_Task description_. Return all of the records exactly.

_Given data_.
(* Let $K\subset\mathbb{R}^2$ be a convex set such that a maximal-area triangle $T$ contained in $K$ is an equilateral triangle of side length $1$ with barycenter at the origin $o$. Then every point $p\in\partial K$ is $(60^\circ,\tfrac12)$-bisecting in $K$.
   Context: For a convex set $C$ containing $o$ and $p\in\partial C$, $p$ is called $(\theta,\ell)$-bisecting if the unique isosceles triangle $T_p(\theta,\ell)$ with apex $p$, apex angle $\theta$, two equal sides of length $\ell$ emanating from $p$, and such that the segment $po$ internally bisects the apex angle, is contained in $C$. *)

theory Defs
  imports "HOL-Analysis.Analysis"
begin

text \<open>The plane R^2 is modelled as the complex numbers; the origin o is 0.\<close>

definition triangle :: "complex \<Rightarrow> complex \<Rightarrow> complex \<Rightarrow> complex set" where
  "triangle a b c = convex hull {a, b, c}"

definition tri_area :: "complex \<Rightarrow> complex \<Rightarrow> complex \<Rightarrow> real" where
  "tri_area a b c = measure lebesgue (triangle a b c)"

definition max_area_triangle :: "complex set \<Rightarrow> complex \<Rightarrow> complex \<Rightarrow> complex \<Rightarrow> bool" where
  "max_area_triangle K a b c \<longleftrightarrow> triangle a b c \<subseteq> K \<and>
     (\<forall>a' b' c'. triangle a' b' c' \<subseteq> K \<longrightarrow> tri_area a' b' c' \<le> tri_area a b c)"

text \<open>The isosceles triangle T_p(theta, l): apex p, apex angle theta, two equal sides of
  length l from p, and the direction from p towards o (=0) bisects the apex angle.\<close>
definition bisect_triangle :: "complex \<Rightarrow> real \<Rightarrow> real \<Rightarrow> complex set" where
  "bisect_triangle p \<theta> l =
     (let u = - p / complex_of_real (cmod p) in
      triangle p (p + of_real l * cis (\<theta>/2) * u) (p + of_real l * cis (-\<theta>/2) * u))"

definition bisecting :: "complex set \<Rightarrow> real \<Rightarrow> real \<Rightarrow> complex \<Rightarrow> bool" where
  "bisecting C \<theta> l p \<longleftrightarrow> p \<in> frontier C \<and> bisect_triangle p \<theta> l \<subseteq> C"

end

theory Submission
  imports Defs
begin

(* Write the vertices of T as v, v \<omega>, v cnj \<omega> with \<omega> = cis (2 pi / 3) and cmod v = 1 / sqrt 3.
   Maximality of T, compared with the triangle p, v \<omega>, v cnj \<omega>, gives Re (p / v) \<le> 1 for every
   p in K and every vertex v. A boundary point p of K is not interior to T, so Re (p / v) \<le> -1/2 for
   some vertex v: p lies in the corner triangle beyond the side opposite v. The bisecting triangle at p
   is equilateral with side 1/2, and its two base vertices lie in T \<union> conv {p, v \<omega>, v cnj \<omega>} \<subseteq> K:
   scaled by 1/v, they lie in the incircle of T when cmod (p / v) \<le> 1, on the inner side of the two
   sides of T through v when cmod (p / v) \<ge> 1, and in conv {p / v, \<omega>, cnj \<omega>} once they cross the
   side opposite v. *)

definition \<omega> :: complex where
  "\<omega> = Complex (-1/2) (sqrt 3 / 2)"

lemma omega_mult_cnj: "\<omega> * cnj \<omega> = 1"
  and omega_mult_omega: "\<omega> * \<omega> = cnj \<omega>"
  and cnj_omega_mult_cnj: "cnj \<omega> * cnj \<omega> = \<omega>"
  by (simp_all add: \<omega>_def complex_eq_iff)

lemma norm_omega: "cmod \<omega> = 1"
  by (simp add: \<omega>_def cmod_def power2_eq_square)

lemma omega_neq_zero [simp]: "\<omega> \<noteq> 0"
  using norm_omega by auto

lemma Re_omega [simp]: "Re \<omega> = -1/2"
  and Im_omega [simp]: "Im \<omega> = sqrt 3 / 2"
  by (simp_all add: \<omega>_def)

_Answer area_.
(* Let $K\subset\mathbb{R}^2$ be a convex set such that a maximal-area triangle $T$ contained in $K$ is an equilateral triangle of side length $1$ with barycenter at the origin $o$. Then every point $p\in\partial K$ is $(60^\circ,\tfrac12)$-bisecting in $K$.
   Context: For a convex set $C$ containing $o$ and $p\in\partial C$, $p$ is called $(\theta,\ell)$-bisecting if the unique isosceles triangle $T_p(\theta,\ell)$ with apex $p$, apex angle $\theta$, two equal sides of length $\ell$ emanating from $p$, and such that the segment $po$ internally bisects the apex angle, is contained in $C$. *)

theory Defs
  imports "HOL-Analysis.Analysis"
begin

text \<open>The plane R^2 is modelled as the complex numbers; the origin o is 0.\<close>

definition triangle :: "complex \<Rightarrow> complex \<Rightarrow> complex \<Rightarrow> complex set" where
  "triangle a b c = convex hull {a, b, c}"

definition tri_area :: "complex \<Rightarrow> complex \<Rightarrow> complex \<Rightarrow> real" where
  "tri_area a b c = measure lebesgue (triangle a b c)"

definition max_area_triangle :: "complex set \<Rightarrow> complex \<Rightarrow> complex \<Rightarrow> complex \<Rightarrow> bool" where
  "max_area_triangle K a b c \<longleftrightarrow> triangle a b c \<subseteq> K \<and>
     (\<forall>a' b' c'. triangle a' b' c' \<subseteq> K \<longrightarrow> tri_area a' b' c' \<le> tri_area a b c)"

text \<open>The isosceles triangle T_p(theta, l): apex p, apex angle theta, two equal sides of
  length l from p, and the direction from p towards o (=0) bisects the apex angle.\<close>
definition bisect_triangle :: "complex \<Rightarrow> real \<Rightarrow> real \<Rightarrow> complex set" where
  "bisect_triangle p \<theta> l =
     (let u = - p / complex_of_real (cmod p) in
      triangle p (p + of_real l * cis (\<theta>/2) * u) (p + of_real l * cis (-\<theta>/2) * u))"

definition bisecting :: "complex set \<Rightarrow> real \<Rightarrow> real \<Rightarrow> complex \<Rightarrow> bool" where
  "bisecting C \<theta> l p \<longleftrightarrow> p \<in> frontier C \<and> bisect_triangle p \<theta> l \<subseteq> C"

end

theory Submission
  imports Defs
begin

(* Write the vertices of T as v, v \<omega>, v cnj \<omega> with \<omega> = cis (2 pi / 3) and cmod v = 1 / sqrt 3.
   Maximality of T, compared with the triangle p, v \<omega>, v cnj \<omega>, gives Re (p / v) \<le> 1 for every
   p in K and every vertex v. A boundary point p of K is not interior to T, so Re (p / v) \<le> -1/2 for
   some vertex v: p lies in the corner triangle beyond the side opposite v. The bisecting triangle at p
   is equilateral with side 1/2, and its two base vertices lie in T \<union> conv {p, v \<omega>, v cnj \<omega>} \<subseteq> K:
   scaled by 1/v, they lie in the incircle of T when cmod (p / v) \<le> 1, on the inner side of the two
   sides of T through v when cmod (p / v) \<ge> 1, and in conv {p / v, \<omega>, cnj \<omega>} once they cross the
   side opposite v. *)

definition \<omega> :: complex where
  "\<omega> = Complex (-1/2) (sqrt 3 / 2)"

lemma omega_mult_cnj: "\<omega> * cnj \<omega> = 1"
  and omega_mult_omega: "\<omega> * \<omega> = cnj \<omega>"
  and cnj_omega_mult_cnj: "cnj \<omega> * cnj \<omega> = \<omega>"
  by (simp_all add: \<omega>_def complex_eq_iff)

lemma norm_omega: "cmod \<omega> = 1"
  by (simp add: \<omega>_def cmod_def power2_eq_square)

lemma omega_neq_zero [simp]: "\<omega> \<noteq> 0"
  using norm_omega by auto

lemma Re_omega [simp]: "Re \<omega> = -1/2"
  and Im_omega [simp]: "Im \<omega> = sqrt 3 / 2"
  by (simp_all add: \<omega>_def)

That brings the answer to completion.